Then Trigger the Jenkins Pipeline :
PAYLOAD="{\"TOKEN\": \"$repo\"}"
curl -XPOST $Lambda_Webhook_Link -d "$PAYLOAD"
PR_NUMBER_TESTS="PR-3"
PAYLOAD="{\"MERGED_TO\": \"$PR_NUMBER_TESTS\", \"MULTI_BRANCH_NAME\": \"$repo\"}"
curl -XPOST $Lambda_Trigger_Job_Link -d "$PAYLOAD"
more about the trigger check – Optimizing CI Costs: Manual Jenkins Build Trigger from GitHub Actions

Jenkins part:
Simultaneously, we undertook a significant modernization of our Jenkins infrastructure. The existing Jenkins server was running on an Ubuntu 18 instance, which we migrated to a containerized Jenkins setup. This approach offered greater flexibility, scalability, and ease of management. As part of this process, we also upgraded Jenkins to a newer version and updated the system to Ubuntu 24, benefiting from improved performance, security updates, and long-term support.
We moved to a containerized Jenkins environment for couple of reasons.
- Scalability
- Isolation and Consistency
- Simplified Management and Deployment
- Resource Efficiency
- Faster Recovery and Updates
its allowed us to leverage container orchestration, making our CI/CD system more resilient and easier to scale. It also simplified the management of Jenkins configurations and plugins, which now follow a more modular, repeatable deployment process.

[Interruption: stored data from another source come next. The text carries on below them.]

(* Let $B(x)=\frac{x}{1+x^2}$, $B_0(x)=x$ and $B_j(x)=B(B_{j-1}(x))$ for $j\ge1$. For every $j\ge0$, the equation $B_j(x)=-1$ has exactly $2^j$ distinct roots in $\mathbb{C}$. *)

theory Defs
  imports Complex_Main
begin

definition Bmap :: "complex \<Rightarrow> complex" where
  "Bmap x = x / (1 + x^2)"

fun Biter :: "nat \<Rightarrow> complex \<Rightarrow> complex" where
  "Biter 0 x = x"
| "Biter (Suc j) x = Bmap (Biter j x)"

end

theory Submission
  imports Defs
begin

text \<open>For \<open>y \<noteq> 0\<close> the equation \<open>B(x) = y\<close> is the quadratic \<open>y x\<^sup>2 - x + y = 0\<close>,
  whose discriminant is \<open>1 - 4 y\<^sup>2\<close>; so every \<open>y \<notin> {0, 1/2, -1/2}\<close> has exactly two
  preimages under \<open>B\<close>. The three exceptional values are real, and \<open>B\<close> maps the real
  line into \<open>[-1/2, 1/2]\<close>, so no real point is sent to \<open>-1\<close> by a positive iterate.
  Hence no root of \<open>B\<^sub>j(x) = -1\<close> is exceptional, and each of them splits into exactly
  two roots of \<open>B\<^sub>j\<^sub>+\<^sub>1(x) = -1\<close>.\<close>

lemma Biter_Suc_right: "Biter (Suc j) x = Biter j (Bmap x)"
  by (induction j arbitrary: x) auto

lemma Bmap_eq_iff:
  assumes "y \<noteq> 0"
  shows "Bmap x = y \<longleftrightarrow> y * x^2 - x + y = 0"
proof (cases "1 + x^2 = 0")
  case True
  \<comment> \<open>the pole: \<open>Bmap x = 0\<close> by division by zero, while the quadratic takes the value \<open>-x \<noteq> 0\<close>\<close>
  then have "x \<noteq> 0" by auto
  moreover have "y * x^2 - x + y = y * (1 + x^2) - x"
    by (simp add: algebra_simps)
  ultimately have "y * x^2 - x + y \<noteq> 0"
    using True by (metis diff_0 mult_zero_right neg_equal_0_iff_equal)
  moreover have "Bmap x = 0"
    using True by (simp add: Bmap_def)
  ultimately show ?thesis
    using assms by simp
next
  case False
  then have "Bmap x = y \<longleftrightarrow> x = y * (1 + x^2)"
    by (auto simp: Bmap_def field_simps)
  then show ?thesis by (auto simp: algebra_simps)
qed

lemma card_Bmap_preimage:
  assumes "y \<noteq> 0" "4 * y^2 \<noteq> 1"
  shows "card {x. Bmap x = y} = 2"
proof -
  define s where "s = csqrt (1 - 4 * y^2)"
  have s2: "s^2 = 1 - 4 * y^2" unfolding s_def by simp
  have "s \<noteq> 0" using s2 assms(2) by auto
  define r1 where "r1 = (1 + s) / (2 * y)"
  define r2 where "r2 = (1 - s) / (2 * y)"
  have factor: "y * x^2 - x + y = y * (x - r1) * (x - r2)" for x
  proof -
    have "y * (x - r1) * (x - r2) = y * x^2 - x + (1 - s^2) / (4 * y)"
      unfolding r1_def r2_def using assms(1) by (simp add: field_simps power2_eq_square)
    also have "(1 - s^2) / (4 * y) = y"
      using s2 assms(1) by (simp add: field_simps power2_eq_square)
    finally show ?thesis by simp
  qed
  have "{x. Bmap x = y} = {r1, r2}"
    using assms(1) by (auto simp: Bmap_eq_iff factor)
  moreover have "r1 \<noteq> r2"
    using \<open>s \<noteq> 0\<close> assms(1) unfolding r1_def r2_def by (auto simp: field_simps)
  ultimately show ?thesis by simp
qed

lemma norm_Bmap_real_le:
  assumes "x \<in> \<real>"
  shows "norm (Bmap x) \<le> 1/2"
proof -
  obtain t where x: "x = of_real t" using assms by (auto elim: Reals_cases)
  have pos: "1 + t^2 > 0" by (simp add: add_pos_nonneg)
  have "2 * \<bar>t\<bar> \<le> 1 + t^2"
    using zero_le_power2[of "\<bar>t\<bar> - 1"] by (simp add: power2_eq_square algebra_simps)
  then have "\<bar>t\<bar> / (1 + t^2) \<le> 1/2"
    using pos by (simp add: pos_divide_le_eq)
  moreover have "norm (Bmap x) = \<bar>t\<bar> / (1 + t^2)"
  proof -
    have "Bmap x = of_real (t / (1 + t^2))"
      unfolding x Bmap_def by simp
    then show ?thesis
      using pos by (simp only: norm_of_real) (simp add: abs_divide)
  qed
  ultimately show ?thesis by simp
qed

lemma Biter_real: "x \<in> \<real> \<Longrightarrow> Biter j x \<in> \<real>"
  by (induction j) (auto simp: Bmap_def)

lemma Biter_real_neq_minus_one:
  assumes "x \<in> \<real>" "x \<noteq> -1"
  shows "Biter j x \<noteq> -1"
proof (cases j)
  case (Suc k)
  have "norm (Biter j x) \<le> 1/2"
    using Suc norm_Bmap_real_le[OF Biter_real[OF assms(1)]] by simp
  then show ?thesis by auto
qed (use assms in simp)

lemma four_square_eq_one_imp_real:
  fixes y :: complex
  assumes "4 * y^2 = 1"
  shows "y \<in> \<real>"
proof -
  have "(2 * y - 1) * (2 * y + 1) = 0"
    using assms by (simp add: algebra_simps power2_eq_square)
  then have "2 * y - 1 = 0 \<or> 2 * y + 1 = 0"
    by simp
  then have "y = of_real (1/2) \<or> y = of_real (-1/2)"
    by (auto simp: field_simps add_eq_0_iff)
  then show ?thesis
    by (metis Reals_of_real)
qed

lemma Biter_root_not_exceptional:
  assumes "Biter j y = -1"
  shows "y \<noteq> 0" "4 * y^2 \<noteq> 1"
proof -
  have "y \<notin> \<real> \<or> y = -1"
    using assms Biter_real_neq_minus_one by blast
  then show "y \<noteq> 0" "4 * y^2 \<noteq> 1"
    using four_square_eq_one_imp_real[of y] by auto
qed

theorem proposition2p8:
  fixes j :: nat
  shows "card {x :: complex. Biter j x = -1} = 2 ^ j"
proof (induction j)
  case (Suc j)
  let ?S = "{x :: complex. Biter j x = -1}"
  have "finite ?S"
    using Suc by (metis card.infinite power_not_zero zero_neq_numeral)
  have "{x. Biter (Suc j) x = -1} = (\<Union>y\<in>?S. {x. Bmap x = y})"
    by (auto simp del: Biter.simps simp add: Biter_Suc_right)
  moreover have two: "card {x. Bmap x = y} = 2" if "y \<in> ?S" for y
    using that card_Bmap_preimage Biter_root_not_exceptional by blast
  moreover have "card (\<Union>y\<in>?S. {x. Bmap x = y}) = (\<Sum>y\<in>?S. card {x. Bmap x = y})"
    using \<open>finite ?S\<close> two by (intro card_UN_disjoint) (auto intro: card_ge_0_finite)
  ultimately show ?case
    using Suc by simp
qed simp

end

Using Terraform to Manage Containerized Jenkins
To manage our containerized Jenkins infrastructure, we chose Terraform. Here’s how we used Terraform in the process:
- Infrastructure as Code: Terraform enabled us to define Jenkins infrastructure as code, ensuring a consistent and repeatable deployment process across different environments. All components, including containers, networking, and storage, were declared in code.

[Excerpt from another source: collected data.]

lemma lookup_single_one_mult:
  "Poly_Mapping.lookup (Poly_Mapping.single (a :: 'g::group_add) (1 :: 'r::ring_1) * w) k
     = Poly_Mapping.lookup w (- a + k)"
proof -
  have "Poly_Mapping.lookup (Poly_Mapping.single a (1 :: 'r) * w) k
      = (\<Sum>q. Poly_Mapping.lookup w q when k = a + q)"
    by (simp add: lookup_mult lookup_single when_mult)
  also have "\<dots> = (\<Sum>q. Poly_Mapping.lookup w q when q = - a + k)"
    by (rule Sum_any.cong, rule when_cong) (auto simp: add.assoc)
  finally show ?thesis by simp
qed

lemma DT_group_ring_two_power_order:
  assumes DT: "DT_ring TYPE('g::group_add \<Rightarrow>\<^sub>0 'r::ring_1)" and two: "(2 :: 'r) \<in> Delta"
    and "0 < n" and "gpow (g :: 'g) n = 0"
  shows "\<exists>k. gpow g (2 ^ k) = 0"
  using assms(3,4)
proof (induction n arbitrary: g rule: less_induct)
  case (less n)
  show ?case
  proof (cases "even n")
    case True
    then obtain n' where n: "n = 2 * n'" by blast
    with less.prems have "n' < n" "0 < n'" "gpow (gpow g 2) n' = 0" by (simp_all flip: gpow_mult)
    then obtain k where "gpow (gpow g 2) (2 ^ k) = 0" using less.IH by blast
    then have "gpow g (2 ^ Suc k) = 0" by (simp flip: gpow_mult)
    then show ?thesis by blast
  next
    case False
    let ?X = "Poly_Mapping.single g (1 :: 'r)"
    have "?X ^ n = 1" using less.prems by (simp add: single_one_power)
    then have "?X ^ 2 = 1"
      using DT_ring_unit_square_eq_one[OF DT group_ring_of_nat_odd_in_units_of_ring[OF two False]]
        single_one_in_units_of_ring by blast
    then have "gpow g (2 ^ 1) = 0" by (simp add: single_one_power single_one_eq_one_iff)
    then show ?thesis by blast
  qed
qed

definition gpow_int :: "'g::group_add \<Rightarrow> int \<Rightarrow> 'g" where
  "gpow_int a n = (if 0 \<le> n then gpow a (nat n) else gpow (- a) (nat (- n)))"

lemma gpow_int_0 [simp]: "gpow_int a 0 = 0"
  by (simp add: gpow_int_def)

lemma gpow_int_succ: "gpow_int a (n + 1) = a + gpow_int a n"
proof (cases "0 \<le> n")
  case True
  then have "nat (n + 1) = Suc (nat n)" by simp
  with True show ?thesis by (simp add: gpow_int_def)
next
  case False
  define k where "k = nat (- n - 1)"
  have n: "n = - int (Suc k)" using False by (simp add: k_def)
  then have "gpow_int a n = - a + gpow (- a) k" by (simp add: gpow_int_def nat_add_distrib)
  moreover have "gpow_int a (n + 1) = gpow (- a) k" using n by (simp add: gpow_int_def)
  ultimately show ?thesis by (simp add: add.assoc[symmetric])
qed

lemma gpow_int_pred: "gpow_int a (n - 1) = - a + gpow_int a n"
  using gpow_int_succ[of a "n - 1"] by (simp add: minus_add_cancel)

lemma gpow_int_add_nat: "gpow_int a (n + int k) = gpow a k + gpow_int a n"
proof (induction k)
  case (Suc k)
  have "gpow_int a (n + int (Suc k)) = gpow_int a ((n + int k) + 1)" by (simp add: ac_simps)
  also have "\<dots> = a + gpow_int a (n + int k)" by (rule gpow_int_succ)
  finally show ?case by (simp add: Suc add.assoc)
qed simp

lemma inj_gpow_int:
  assumes "\<And>n. 0 < n \<Longrightarrow> gpow (a :: 'g::group_add) n \<noteq> 0"
  shows "inj (gpow_int a)"
proof (rule linorder_injI)
  fix m n :: int
  assume "m < n"
  then obtain k where n: "n = m + int k" and "0 < k" by (metis zless_iff_Suc_zadd zero_less_Suc)
  then have "gpow_int a n = gpow a k + gpow_int a m" by (simp add: gpow_int_add_nat)
  then show "gpow_int a m \<noteq> gpow_int a n"
    using assms[OF \<open>0 < k\<close>] by (metis add.left_neutral add_right_cancel)
qed

lemma three_term_recurrence_infinite_support:
  fixes f :: "int \<Rightarrow> 'r::ring_1"
  assumes rec: "\<And>n. f n + f (n - 1) + f (n - 2) = (if n = 0 then 1 else 0)"
  shows "infinite {n. f n \<noteq> 0}"
proof
  let ?S = "{n. f n \<noteq> 0}"
  assume fin: "finite ?S"
  have "?S \<noteq> {}"
  proof
    assume "?S = {}"
    then show False using rec[of 0] by simp
  qed
  define M where "M = Min ?S"
  define N where "N = Max ?S"
  have "f M \<noteq> 0" "f N \<noteq> 0" "M \<le> N"
    using Min_in Max_in Min_le fin \<open>?S \<noteq> {}\<close> unfolding M_def N_def by auto
  have below: "f n = 0" if "n < M" for n
    using that Min_le[OF fin, of n] unfolding M_def by auto
  have above: "f n = 0" if "N < n" for n
    using that Max_ge[OF fin, of n] unfolding N_def by auto
  have "f M = (if M = 0 then 1 else 0)" using rec[of M] below[of "M - 1"] below[of "M - 2"] by simp
  then have "M = 0" using \<open>f M \<noteq> 0\<close> by (simp split: if_splits)
  have "f N = (if N + 2 = 0 then 1 else 0)" using rec[of "N + 2"] above[of "N + 2"] above[of "N + 2 - 1"] by simp
  then have "N = - 2" using \<open>f N \<noteq> 0\<close> by (simp split: if_splits)
  with \<open>M = 0\<close> \<open>M \<le> N\<close> show False by simp
qed

lemma one_plus_single_plus_square_not_unit:
  assumes a: "\<And>n. 0 < n \<Longrightarrow> gpow (a :: 'g::group_add) n \<noteq> 0"
  shows "1 + Poly_Mapping.single a 1 + Poly_Mapping.single a 1 ^ 2 \<notin> (units_of_ring :: ('g \<Rightarrow>\<^sub>0 'r::ring_1) set)"
proof
  let ?Y = "Poly_Mapping.single a (1 :: 'r)"
  assume "1 + ?Y + ?Y ^ 2 \<in> units_of_ring"
  then obtain w where w: "(1 + ?Y + ?Y ^ 2) * w = 1" unfolding units_of_ring_def by blast
  define f where "f n = Poly_Mapping.lookup w (gpow_int a n)" for n
  have inj: "inj (gpow_int a)" using inj_gpow_int a .
  have "finite {n. f n \<noteq> 0}"
  proof -
    have "{n. f n \<noteq> 0} = gpow_int a -` {k. Poly_Mapping.lookup w k \<noteq> 0}" unfolding f_def by auto
    then show ?thesis using finite_vimageI[OF finite_lookup inj] by simp
  qed
  moreover have "f n + f (n - 1) + f (n - 2) = (if n = 0 then 1 else 0)" for n
  proof -
    have "f n + f (n - 1) + f (n - 2)
        = Poly_Mapping.lookup w (gpow_int a n) + Poly_Mapping.lookup w (- a + gpow_int a n)
          + Poly_Mapping.lookup w (- a + (- a + gpow_int a n))"
      by (simp add: f_def flip: gpow_int_pred)
    also have "\<dots> = Poly_Mapping.lookup ((1 + ?Y + ?Y ^ 2) * w) (gpow_int a n)"
      by (simp add: distrib_right power2_eq_square mult.assoc lookup_add lookup_single_one_mult)
    also have "\<dots> = Poly_Mapping.lookup 1 (gpow_int a n)" by (simp only: w)
    also have "\<dots> = (if n = 0 then 1 else 0)"
      using injD[OF inj, of n 0] by (auto simp: lookup_one when_def)
    finally show ?thesis .
  qed
  ultimately show False using three_term_recurrence_infinite_support by blast
qed

lemma DT_group_ring_torsion:
  assumes DT: "DT_ring TYPE('g::group_add \<Rightarrow>\<^sub>0 'r::ring_1)" and two: "(2 :: 'r) \<in> Delta"
  shows "\<exists>n > 0. gpow (g :: 'g) n = 0"
proof (rule ccontr)
  assume "\<not> ?thesis"
  then have no_torsion: "gpow g n \<noteq> 0" if "0 < n" for n using that by blast
  have "gpow (gpow g 2) n \<noteq> 0" if "0 < n" for n
    using no_torsion[of "2 * n"] that by (simp flip: gpow_mult)
  then have not_unit:
    "1 + Poly_Mapping.single (gpow g 2) 1 + Poly_Mapping.single (gpow g 2) 1 ^ 2 \<notin> (units_of_ring :: ('g \<Rightarrow>\<^sub>0 'r) set)"
    by (rule one_plus_single_plus_square_not_unit)
  have "(3 :: 'g \<Rightarrow>\<^sub>0 'r) \<in> units_of_ring"
    using group_ring_of_nat_odd_in_units_of_ring[OF two, of 3] by simp
  from DT_ring_one_plus_square_plus_fourth_power_unit[OF DT this single_one_in_units_of_ring]
  show False using not_unit by (simp add: single_one_power)
qed

theorem theorem3p10:
  assumes "DT_ring TYPE('g::group_add \<Rightarrow>\<^sub>0 'r::ring_1)"
    and "(2::'r) \<in> Delta"
  shows "two_group TYPE('g)"
  unfolding two_group_def
proof
  fix g :: 'g
  obtain n where "0 < n" "gpow g n = 0" using DT_group_ring_torsion[OF assms] by blast
  then show "\<exists>k. gpow g (2 ^ k) = 0" by (rule DT_group_ring_two_power_order[OF assms])
qed

end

- Automated Provisioning: We automated the provisioning of the underlying infrastructure, such as EC2 instances for running the Jenkins containers, storage volumes for persistent data, and networking configurations. Terraform’s ability to apply infrastructure changes in a predictable and automated manner greatly reduced manual effort.

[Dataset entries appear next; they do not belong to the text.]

(* Let $\mu$ be a distribution on $\{0,1\}^{\mathbb{N}}$ such that the space $(\mathbb{N},\xi)$ is not totally bounded, and let $\varepsilon\in(0,1]$ be such that $\mathcal{N}_\xi(\varepsilon)=\infty$. Then for all $n\ge1$, $\Delta_n(\mu)\ge\frac{\varepsilon^2}{6}$. Consequently, if $\Delta_n(\mu)\to0$ as $n\to\infty$, then $(\mathbb{N},\xi)$ is totally bounded.
   Context: For $X\sim\mu$, define $\xi(i,j):=\mathbb{P}(X_i\neq X_j)$ for $i,j\in\mathbb{N}$. For $\varepsilon>0$, $\mathcal{N}_\xi(\varepsilon)$ is the $\varepsilon$-covering number of $(\mathbb{N},\xi)$: the minimal cardinality of a set $S\subset\mathbb{N}$ such that every $i\in\mathbb{N}$ has some $s\in S$ with $\xi(i,s)\le\varepsilon$. $(\mathbb{N},\xi)$ is totally bounded if $\mathcal{N}_\xi(\varepsilon)<\infty$ for all $\varepsilon>0$. For $n\ge1$, with $X^{(1)},\dots,X^{(n)}$ i.i.d. from $\mu$, $\Delta_n(\mu):=\mathbb{E}\sup_{j\in\mathbb{N}}\left|\frac1n\sum_{i=1}^nX^{(i)}_j-\mathbb{E}[X_j]\right|$. *)

theory Defs
  imports "HOL-Probability.Probability"
begin

text \<open>A distribution mu on {0,1}^N is a probability measure on nat => bool whose
  sigma algebra is the product sigma algebra (true = 1, false = 0).\<close>

definition binseq_distr :: "(nat \<Rightarrow> bool) measure \<Rightarrow> bool" where
  "binseq_distr \<mu> \<longleftrightarrow> prob_space \<mu> \<and>
     sets \<mu> = sets (\<Pi>\<^sub>M i\<in>(UNIV::nat set). count_space (UNIV::bool set))"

- CloudWatch Alarms for Disk Usage: In addition to setting up the core infrastructure, we used Terraform to configure CloudWatch alarms for monitoring disk usage. these alarms help ensure the Jenkins environment runs smoothly by alerting us if disk usage exceeds a certain threshold, allowing us to respond proactively to prevent service interruptions. This level of monitoring was critical as it helped maintain the reliability of our CI/CD pipeline.
- Modular Approach: We used Terraform modules to encapsulate various infrastructure components. This modular approach made it easy to manage and scale our Jenkins setup, as each component (e.g., storage, networking, compute) was isolated and could be reused or modified independently.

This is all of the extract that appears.